Pernyataan Mustafa ini terkesan menutupi persoalan utama: kaitan agama islam dan terorisme. Memang penulis mengatakan bahwa sejatinya terorisme tak ada kaitannya dengan agama. Tapi, benarkah demikian?
Pernyataan Mustafa di atas perlu dikritisi. Tak bisa dipungkiri bahwa pernyataan itu benar: terorisme bisa muncul dari pemeluk agama mana saja (harap bisa bedakan antara agama dan pemeluk agama). Terorisme bisa dilakukan oleh pemeluk agama Islam, Kristen, Buddha dan lainnya. Akan tetapi, perlu diketahui bahwa landasan terorismenya berbeda. Aksi teror yang dilakukan oleh kelompok islam dilandasi pada ajaran agamanya. Ada banyak buku yang menyatakan hal ini, seperti Sejarah Teror dan Kudeta Mekkah. Karena itu, sekitar bulan September 2013 lalu, Pemerintah Rusia mengeluarkan perintah untuk membakar Al Quran, karena kitab itu dinilai menciptakan radikalisme yang mengarah pada terorisme. Berbeda dengan pemeluk agama lain. Jika orang Kristen atau Buddha melakukan terorisme, bisa dipastikan mereka melanggar ajaran agamanya, karena tidak ada ajaran untuk melakukan hal itu.

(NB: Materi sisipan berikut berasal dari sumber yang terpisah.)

(* Let $L\subset\mathbb{Z}^m$ be a non-zero lattice with $L\cap\mathbb{N}^m=\{\mathbf 0\}$ and $\mathrm{Sat}(L)=\ker_{\mathbb{Z}}(\mathcal{A})$. Then $\mathcal{T}_{\min}=\mathcal{C}_{\min}$.
   Context: $K$ is a field, $\mathbf x^{\mathbf u}=x_1^{u_1}\cdots x_m^{u_m}$, $\mathbf u_\pm$ are the positive/negative parts of $\mathbf u\in\mathbb{Z}^m$, $I_L=(\mathbf x^{\mathbf u_+}-\mathbf x^{\mathbf u_-}:\mathbf u\in L)\subset K[x_1,\ldots,x_m]$, $\mathrm{Sat}(L)=\{\mathbf u:d\mathbf u\in L\text{ for some nonzero }d\in\mathbb{Z}\}$, $\mathcal{A}=\{\mathbf a_1,\ldots,\mathbf a_m\}\subset\mathbb{Z}^n$ and $\ker_{\mathbb{Z}}(\mathcal{A})=\{\mathbf q\in\mathbb{Z}^m:\sum q_i\mathbf a_i=0\}$. A circuit of $\mathcal{A}$ is a nonzero $\mathbf u\in\ker_{\mathbb{Z}}(\mathcal{A})$ with inclusion-minimal support $\mathrm{supp}(\mathbf u)=\{i:u_i\neq0\}$ among nonzero vectors of $\ker_{\mathbb{Z}}(\mathcal{A})$ and relatively prime coordinates. $\mathcal{C}$ is the set of all $E\subseteq\{1,\ldots,m\}$ with $E=\mathrm{supp}(\mathbf u_+)$ or $E=\mathrm{supp}(\mathbf u_-)$ for some circuit $\mathbf u$, and $\mathcal{C}_{\min}$ its inclusion-minimal elements. A monomial $M$ is indispensable of $I_L$ if every system of binomial generators of $I_L$ contains a binomial having $M$ as a monomial; $\mathcal{T}_{\min}$ is the set of inclusion-minimal elements among the supports of indispensable monomials of $I_L$ (with $\mathrm{supp}(\mathbf x^{\mathbf w})=\mathrm{supp}(\mathbf w)$). *)

theory Defs
  imports Main "HOL-Library.Poly_Mapping"
begin

text \<open>Polynomial ring K[x_i : i in 'n] over a field, variables indexed by a finite type 'n
  (so m = CARD('n)); polynomials are finitely supported maps from exponent vectors to K.\<close>
type_synonym ('n, 'k) mpoly = "('n \<Rightarrow>\<^sub>0 nat) \<Rightarrow>\<^sub>0 'k"

definition monom_x :: "('n \<Rightarrow> nat) \<Rightarrow> ('n::finite, 'k::field) mpoly" where
  "monom_x w = Poly_Mapping.single (Abs_poly_mapping w) 1"

definition pos_part :: "('n \<Rightarrow> int) \<Rightarrow> 'n \<Rightarrow> nat" where
  "pos_part u = (\<lambda>i. nat (u i))"

definition neg_part :: "('n \<Rightarrow> int) \<Rightarrow> 'n \<Rightarrow> nat" where
  "neg_part u = (\<lambda>i. nat (- u i))"

definition supp :: "('n \<Rightarrow> 'a::zero) \<Rightarrow> 'n set" where
  "supp u = {i. u i \<noteq> 0}"

definition ideal_gen :: "('a::comm_ring_1) set \<Rightarrow> 'a set" where
  "ideal_gen G = {\<Sum>g\<in>F. c g * g | F c. finite F \<and> F \<subseteq> G}"

definition is_lattice :: "('n \<Rightarrow> int) set \<Rightarrow> bool" where
  "is_lattice L \<longleftrightarrow> (\<lambda>i. 0) \<in> L \<and> (\<forall>u\<in>L. \<forall>v\<in>L. (\<lambda>i. u i + v i) \<in> L) \<and> (\<forall>u\<in>L. (\<lambda>i. - u i) \<in> L)"

definition lattice_ideal :: "('n::finite \<Rightarrow> int) set \<Rightarrow> ('n, 'k::field) mpoly set" where
  "lattice_ideal L = ideal_gen {monom_x (pos_part u) - monom_x (neg_part u) | u. u \<in> L}"

definition Sat :: "('n \<Rightarrow> int) set \<Rightarrow> ('n \<Rightarrow> int) set" where
  "Sat L = {u. \<exists>d::int. d \<noteq> 0 \<and> (\<lambda>i. d * u i) \<in> L}"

Berkaitan dengan konteks ajaran agama, sangat menarik kalau kita kritisi pernyataan Mustafa lainnya. Dia menulis, “…, mengaitkan NIIS dengan agama islam akan melahirkan kesimpulan yang salah, karena islam adalah ajaran yang tertulis dalam Al Quran dan Hadis Nabi Muhammad SAW…” Hal inilah yang membuat banyak orang bingung.

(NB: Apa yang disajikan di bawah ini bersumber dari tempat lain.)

(* Let $a=p/q\geq1$ be rational with $p,q$ coprime, and let $(d,e;m)\in\mathcal{E}$. Define the error vector $\varepsilon$ by $m=\frac{d+e}{\sqrt{2a}}\,w(a)+\varepsilon$ (vectors padded with zeros to a common length). Then: (i) $\mu(d,e;m)(a)\leq\frac{\sqrt{2de+1}\sqrt a}{d+e}$. In particular $\mu(d,d;m)(a)\leq\sqrt{1+\frac{1}{2d^2}}\sqrt{\frac a2}$, and if $e=d-1$ then $\mu(d,e;m)(a)\leq\sqrt{1+\frac{1}{(2d-1)^2}}\sqrt{\frac a2}$. (ii) $\mu(d,e;m)(a)>\sqrt{a/2}$ if and only if $\langle\varepsilon,w(a)\rangle>0$. (iii) If $e=d$ and $\mu(d,e;m)(a)>\sqrt{a/2}$, then $\langle\varepsilon,\varepsilon\rangle<1$; if $e=d-1$ and $\mu(d,e;m)(a)>\sqrt{a/2}$, then $\langle\varepsilon,\varepsilon\rangle<\frac12$. (iv) The sum of all entries of $\varepsilon$ satisfies $-\sum_i\varepsilon_i=\frac{d+e}{\sqrt{2a}}\left(y(a)-\frac1q\right)+1$, where $y(a):=a+1-2\sqrt{2a}$.
   Context: Weight expansion: for rational $a=p/q\geq1$ in lowest terms with continued fraction $[l_0;l_1,\dots,l_N]$ ($l_N\geq2$ if $N\geq1$), $w(a)=(1^{\times l_0},x_1^{\times l_1},\dots,x_N^{\times l_N})$ with $x_0=1$, $x_1=a-l_0$, $x_i=x_{i-2}-l_{i-1}x_{i-1}$; $x^{\times l}$ is $x$ repeated $l$ times. The set $\mathcal{E}$: a Cremona transform of an integer tuple $(\delta;n_1,\dots,n_k)$ with $n_1\geq\dots\geq n_k$ is $(2\delta-n_1-n_2-n_3;\delta-n_2-n_3,\delta-n_1-n_3,\delta-n_1-n_2,n_4,\dots,n_k)$; a Cremona move is a Cremona transform followed by a permutation of the entries after the semicolon. $\mathcal{E}$ consists of $(0,0;-1)$ together with all integer tuples $(d,e;m_1,\dots,m_M)$ with $d,e\geq0$, $m_1\geq\dots\geq m_M\geq0$, satisfying $\sum m_i=2(d+e)-1$, $\sum m_i^2=2de+1$, and such that $(d+e-m_1;d-m_1,e-m_1,m_2,\dots,m_M)$ reduces to $(0;-1,0,\dots,0)$ by repeated Cremona moves. $\mu(d,e;m)(a):=\langle m,w(a)\rangle/(d+e)$, with $\langle\cdot,\cdot\rangle$ the Euclidean scalar product after padding with zeros. *)

theory Defs
  imports Complex_Main "HOL-Library.Multiset"
begin

text \<open>Continued fraction [l_0; l_1, ..., l_N] of p/q via the Euclidean algorithm.
  For coprime p, q with q > 0 this is the expansion with l_N >= 2 if N >= 1.\<close>
function cf_nat :: "nat \<Rightarrow> nat \<Rightarrow> nat list" where
  "cf_nat p q = (if q = 0 then [] else (p div q) # cf_nat q (p mod q))"
  by auto
termination by (relation "measure snd") auto

declare cf_nat.simps[simp del]

definition cf :: "rat \<Rightarrow> nat list" where
  "cf a = (case quotient_of a of (p, q) \<Rightarrow> cf_nat (nat p) (nat q))"

fun wx :: "real \<Rightarrow> nat list \<Rightarrow> nat \<Rightarrow> real" where
  "wx a ls 0 = 1"
| "wx a ls (Suc 0) = a - real (ls ! 0)"
| "wx a ls (Suc (Suc i)) = wx a ls i - real (ls ! Suc i) * wx a ls (Suc i)"

definition weight_exp :: "rat \<Rightarrow> real list" where
  "weight_exp a = (let ls = cf a in
     concat (map (\<lambda>i. replicate (ls ! i) (wx (real_of_rat a) ls i)) [0..<length ls]))"

definition pad_nth :: "real list \<Rightarrow> nat \<Rightarrow> real" where
  "pad_nth xs i = (if i < length xs then xs ! i else 0)"

definition inner_pad :: "real list \<Rightarrow> real list \<Rightarrow> real" where
  "inner_pad xs ys = (\<Sum>i < max (length xs) (length ys). pad_nth xs i * pad_nth ys i)"

definition cremona_transform :: "int \<times> int list \<Rightarrow> int \<times> int list" where
  "cremona_transform t = (case t of (\<delta>, n) \<Rightarrow>
     (2*\<delta> - n!0 - n!1 - n!2,
      [\<delta> - n!1 - n!2, \<delta> - n!0 - n!2, \<delta> - n!0 - n!1] @ drop 3 n))"

text \<open>A Cremona move (transform followed by permutation) is a composite of such steps.\<close>
inductive cremona_step :: "int \<times> int list \<Rightarrow> int \<times> int list \<Rightarrow> bool" where
  perm: "mset (n'::int list) = mset n \<Longrightarrow> cremona_step (\<delta>, n) (\<delta>, n')"
| transf: "sorted_wrt (\<ge>) (n::int list) \<Longrightarrow> length n \<ge> 3 \<Longrightarrow> cremona_step (\<delta>, n) (cremona_transform (\<delta>, n))"

definition cremona_reduces :: "int \<times> int list \<Rightarrow> bool" where
  "cremona_reduces t \<longleftrightarrow> cremona_step\<^sup>*\<^sup>* t (0, (-1) # replicate (length (snd t) - 1) 0)"

definition classE :: "(int \<times> int \<times> int list) set" where
  "classE = {(0, 0, [-1])} \<union>
     {(d, e, m). d \<ge> 0 \<and> e \<ge> 0 \<and> m \<noteq> [] \<and> sorted_wrt (\<ge>) m \<and> (\<forall>x\<in>set m. x \<ge> 0) \<and>
        sum_list m = 2*(d+e) - 1 \<and> sum_list (map (\<lambda>x. x^2) m) = 2*d*e + 1 \<and>
        cremona_reduces (d + e - m!0, [d - m!0, e - m!0] @ tl m)}"

definition mu :: "int \<Rightarrow> int \<Rightarrow> int list \<Rightarrow> rat \<Rightarrow> real" where
  "mu d e m a = inner_pad (map real_of_int m) (weight_exp a) / real_of_int (d + e)"

definition err_vec :: "int \<Rightarrow> int \<Rightarrow> int list \<Rightarrow> rat \<Rightarrow> real list" where
  "err_vec d e m a =
     (let w = weight_exp a; m' = map real_of_int m;
          c = real_of_int (d + e) / sqrt (2 * real_of_rat a)
      in map (\<lambda>i. pad_nth m' i - c * pad_nth w i) [0..<max (length m') (length w)])"

definition yfun :: "real \<Rightarrow> real" where
  "yfun a = a + 1 - 2 * sqrt (2 * a)"

end

theory Submission
  imports Defs "HOL-Analysis.Convex"
begin

text \<open>For a = p/q in lowest terms the weight expansion is the Euclidean algorithm in disguise:
  the weight x_i equals r_(i+1)/q, where r_0 = p, r_1 = q, r_2, ... are the successive remainders.
  The division identities r_k = l_k r_(k+1) + r_(k+2) telescope to
  \<Sum> l_k r_(k+1)^2 = pq and \<Sum> l_k r_(k+1) = p + q - 1, i.e. to \<langle>w,w\<rangle> = a and
  \<Sum> w = a + 1 - 1/q. Together with \<langle>m,m\<rangle> = 2de + 1 and \<Sum> m = 2(d+e) - 1, all four claims
  follow from Cauchy-Schwarz and from expanding \<epsilon> = m - c w, where c = (d+e)/\<surd>(2a)
  satisfies c a = (d+e)\<surd>(a/2) and c^2 a = (d+e)^2/2.\<close>

fun euclid_rem :: "nat \<Rightarrow> nat \<Rightarrow> nat \<Rightarrow> nat" where
  "euclid_rem p q 0 = p"
| "euclid_rem p q (Suc k) = euclid_rem q (p mod q) k"

lemma euclid_rem_Suc_Suc:
  "euclid_rem p q (Suc (Suc k)) = euclid_rem p q k mod euclid_rem p q (Suc k)"
  by (induction k arbitrary: p q) auto

lemma euclid_rem_Suc_0 [simp]: "euclid_rem p q (Suc 0) = q"
  by simp

declare euclid_rem.simps(2)[simp del]

lemma cf_nat_nth:
  "k < length (cf_nat p q) \<Longrightarrow> cf_nat p q ! k = euclid_rem p q k div euclid_rem p q (Suc k)"
proof (induction p q arbitrary: k rule: cf_nat.induct)
  case (1 p q)
  then show ?case
    by (cases k) (auto simp: cf_nat.simps[of p q] euclid_rem.simps split: if_splits)
qed

lemma euclid_rem_Suc_length_cf_nat: "euclid_rem p q (Suc (length (cf_nat p q))) = 0"
  by (induction p q rule: cf_nat.induct) (simp add: cf_nat.simps euclid_rem.simps)

lemma euclid_rem_length_cf_nat: "euclid_rem p q (length (cf_nat p q)) = gcd p q"
  by (induction p q rule: cf_nat.induct) (simp add: cf_nat.simps euclid_rem.simps gcd_red_nat[symmetric])

lemma euclid_rem_division:
  "k < length (cf_nat p q) \<Longrightarrow>
     euclid_rem p q k = cf_nat p q ! k * euclid_rem p q (Suc k) + euclid_rem p q (Suc (Suc k))"
  by (simp add: cf_nat_nth euclid_rem_Suc_Suc)

lemma sum_cf_nat_euclid_rem_upto:
  "n \<le> length (cf_nat p q) \<Longrightarrow>
     (\<Sum>k<n. cf_nat p q ! k * euclid_rem p q (Suc k)) + euclid_rem p q n + euclid_rem p q (Suc n) = p + q"
  by (induction n) (auto simp: euclid_rem_division)

lemma sum_cf_nat_euclid_rem_sq_upto:
  "n \<le> length (cf_nat p q) \<Longrightarrow>
     (\<Sum>k<n. cf_nat p q ! k * euclid_rem p q (Suc k) ^ 2)
       + euclid_rem p q n * euclid_rem p q (Suc n) = p * q"
proof (induction n)
  case (Suc n)
  then show ?case
    using euclid_rem_division[of n p q] by (simp add: power2_eq_square algebra_simps)
qed simp

lemma sum_cf_nat_euclid_rem:
  "(\<Sum>k<length (cf_nat p q). cf_nat p q ! k * euclid_rem p q (Suc k)) + gcd p q = p + q"
  using sum_cf_nat_euclid_rem_upto[of "length (cf_nat p q)" p q]
  by (simp add: euclid_rem_length_cf_nat euclid_rem_Suc_length_cf_nat)

lemma sum_cf_nat_euclid_rem_sq:
  "(\<Sum>k<length (cf_nat p q). cf_nat p q ! k * euclid_rem p q (Suc k) ^ 2) = p * q"
  using sum_cf_nat_euclid_rem_sq_upto[of "length (cf_nat p q)" p q]
  by (simp add: euclid_rem_Suc_length_cf_nat)

lemma wx_cf_nat:
  assumes "q > 0"
  shows "i \<le> length (cf_nat p q) \<Longrightarrow>
    wx (real p / real q) (cf_nat p q) i = real (euclid_rem p q (Suc i)) / real q"
proof (induction "real p / real q" "cf_nat p q" i rule: wx.induct)
  case 1
  then show ?case using assms by simp
next
  case 2
  have "0 < length (cf_nat p q)"
    using assms by (simp add: cf_nat.simps)
  from euclid_rem_division[OF this]
  have "real p = real (cf_nat p q ! 0) * real q + real (euclid_rem p q (Suc (Suc 0)))"
    by (simp flip: of_nat_mult of_nat_add)
  then show ?case using assms by (simp add: field_simps)
next
  case (3 i)
  have "real (euclid_rem p q (Suc i)) = real (cf_nat p q ! Suc i) * real (euclid_rem p q (Suc (Suc i)))
      + real (euclid_rem p q (Suc (Suc (Suc i))))"
    using euclid_rem_division[of "Suc i" p q] 3(3) by (simp flip: of_nat_mult of_nat_add)
  then show ?case using 3 assms by (simp add: field_simps)
qed

lemma sum_list_concat_replicate:
  "sum_list (concat (map (\<lambda>i. replicate (ns ! i) (f i)) [0..<n])) = (\<Sum>i<n. of_nat (ns ! i) * f i)"
  by (induction n) (simp_all add: sum_list_replicate)

lemma quotient_of_nonneg:
  assumes "0 \<le> a"
  obtains p q where "quotient_of a = (int p, int q)" and "0 < q" and "coprime p q"
    and "real_of_rat a = real p / real q"
proof -
  obtain p q where pq: "quotient_of a = (p, q)" by fastforce
  have a: "a = of_int p / of_int q" and "0 < q" and "coprime p q"
    using quotient_of_div quotient_of_denom_pos quotient_of_coprime pq by blast+
  moreover have "0 \<le> p" using assms a \<open>0 < q\<close> by (simp add: zero_le_divide_iff)
  ultimately show ?thesis
    using that[of "nat p" "nat q"] pq by (simp add: coprime_int_iff [symmetric] of_rat_divide)
qed

lemma weight_exp_euclid_rem:
  assumes "quotient_of a = (int p, int q)"
  shows "weight_exp a = concat (map (\<lambda>i. replicate (cf_nat p q ! i)
     (real (euclid_rem p q (Suc i)) / real q)) [0..<length (cf_nat p q)])"
proof -
  have "0 < q" and a: "real_of_rat a = real p / real q"
    using quotient_of_div[OF assms] quotient_of_denom_pos[OF assms] by (simp_all add: of_rat_divide)
  then show ?thesis
    by (auto simp: weight_exp_def cf_def assms a Let_def wx_cf_nat
        intro!: arg_cong[where f = concat] map_cong)
qed

lemma pad_nth_beyond: "length xs \<le> i \<Longrightarrow> pad_nth xs i = 0"
  by (simp add: pad_nth_def)

lemma sum_list_eq_sum_pad_nth: "length xs \<le> N \<Longrightarrow> sum_list xs = (\<Sum>i<N. pad_nth xs i)"
proof -
  assume "length xs \<le> N"
  have "sum_list xs = (\<Sum>i<length xs. pad_nth xs i)"
    by (simp add: sum_list_sum_nth atLeast0LessThan pad_nth_def)
  also have "\<dots> = (\<Sum>i<N. pad_nth xs i)"
    using \<open>length xs \<le> N\<close> by (intro sum.mono_neutral_left) (auto simp: pad_nth_beyond)
  finally show ?thesis .
qed

lemma inner_pad_eq_sum_pad_nth:
  "length xs \<le> N \<Longrightarrow> length ys \<le> N \<Longrightarrow> inner_pad xs ys = (\<Sum>i<N. pad_nth xs i * pad_nth ys i)"
  unfolding inner_pad_def by (rule sum.mono_neutral_left) (auto simp: pad_nth_beyond)

lemma inner_pad_self: "inner_pad xs xs = sum_list (map (\<lambda>x. x\<^sup>2) xs)"
  by (simp add: inner_pad_def sum_list_sum_nth atLeast0LessThan pad_nth_def power2_eq_square)

lemma inner_pad_Cauchy_Schwarz: "inner_pad xs ys \<le> sqrt (inner_pad xs xs) * sqrt (inner_pad ys ys)"
proof -
  define N where "N = max (length xs) (length ys)"
  have "(inner_pad xs ys)\<^sup>2 \<le> inner_pad xs xs * inner_pad ys ys"
    using Cauchy_Schwarz_ineq_sum[of "pad_nth xs" "pad_nth ys" "{..<N}"]
      inner_pad_eq_sum_pad_nth[of xs N xs] inner_pad_eq_sum_pad_nth[of xs N ys]
      inner_pad_eq_sum_pad_nth[of ys N ys]
    by (simp add: N_def power2_eq_square)
  then show ?thesis by (simp add: real_le_rsqrt flip: real_sqrt_mult)
qed

lemma inner_pad_nonpos:
  "(\<forall>x\<in>set xs. x \<le> 0) \<Longrightarrow> (\<forall>y\<in>set ys. 0 \<le> y) \<Longrightarrow> inner_pad xs ys \<le> 0"
  unfolding inner_pad_def pad_nth_def by (intro sum_nonpos) (simp add: mult_nonpos_nonneg)

lemma inner_pad_weight_exp_self:
  assumes "0 \<le> a"
  shows "inner_pad (weight_exp a) (weight_exp a) = real_of_rat a"
proof -
  obtain p q where "quotient_of a = (int p, int q)" and "0 < q"
    and a: "real_of_rat a = real p / real q"
    using quotient_of_nonneg[OF assms] by blast
  then have "inner_pad (weight_exp a) (weight_exp a)
      = (\<Sum>k<length (cf_nat p q). real (cf_nat p q ! k * euclid_rem p q (Suc k) ^ 2)) / real q ^ 2"
    by (simp add: inner_pad_self weight_exp_euclid_rem map_concat o_def sum_list_concat_replicate
        sum_divide_distrib power_divide)
  also have "\<dots> = real_of_rat a"
    using \<open>0 < q\<close>
    by (simp only: of_nat_sum[symmetric] sum_cf_nat_euclid_rem_sq a) (simp add: power2_eq_square)
  finally show ?thesis .
qed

Melalui pernyataannya di atas setidaknya ada dua poin yang hendak disampaikan kepada publik. Pertama, NIIS (atau ISIS dan aksi kelompok teroris lainnya) bukanlah agama islam. Dengan kata lain, tidak ada kaitan antara ISIS dengan agama islam. Kedua, agama islam adalah ajaran yang tertulis dalam Al Quran dan Hadis Nabi Muhammad SAW. Dua hal ini menjadi sumber pokok ajaran islam.
Untuk poin kedua, semua orang pasti bisa menerima dan mengakuinya. Memang agama islam bersumber pada Al Quran dan Hadis Nabi Muhammad SAW. Akan tetapi, ketika poin kedua ini dikaitkan dengan poin pertama, orang menjadi bingung. Orang tentu langsung bertanya, benarkah aksi-aksi ISIS atau juga kelompok radikal lainnya tidak sesuai dengan ajaran islam sebagaimana yang tertuang dalam Al Quran dan Hadis Nabi Muhammad SAW? Karena pada umumnya, kelompok radikal ini mendasarkan tindakannya pada ajaran agama. Mereka justru mengklaim kelompoknya menjalankan ajaran islam; dan bahwa merekalah yang paling benar.
Di sinilah titik kebingungan orang. Di satu sisi ada sekelompok umat islam mengatakan mereka itu salah karena tidak sesuai dengan ajaran islam, di sisi lain kolompok islam radikal menilai umat islam yang tidak mengikutinya adalah islam yang salah. Dan kedua kelompok ini sama-sama mendasarkan argumentasinya pada Al Quran dan Hadis Nabi Muhammad SAW.
Persoalan inilah yang tak pernah terjawab. Orang hanya menulis dan mengatakan (seperti Ali Mustafa Yaqub) bahwa kelompok teroris itu bukan islam, sementara kelompok teroris itu juga menilai bahwa mereka yang mengatakan kelompoknya bukan islam adalah bukan islam. Kebanyakan orang hanya menulis dan mengatakan bahwa kelompok teroris itu tidak berdasarkan ajaran agama islam, sementara publik menilai bahwa kelompok itu mendasarkan aksinya pada ajaran islam.
Artinya, di sini ada dua kebenaran. Masing-masing pihak menganggap diri atau kelompoknya yang paling benar dan menilai pihak lain yang salah. Karena masing-masing pihak menyatakan dirinya benar, orang non muslim kebingungan: mana yang benar? Jadi, atas pertanyaan utama kita, sebagaimana menjadi judul tulisan ini, benarkah ISIS bukan islam?, dapatlah dipastikan akan muncul dua jawaban. Bagi kelompok ISIS, mereka adalah islam, sementara yang lain bukan islam; bagi umat islam yang lain, mereka adalah islam, sedangkan ISIS bukan islam.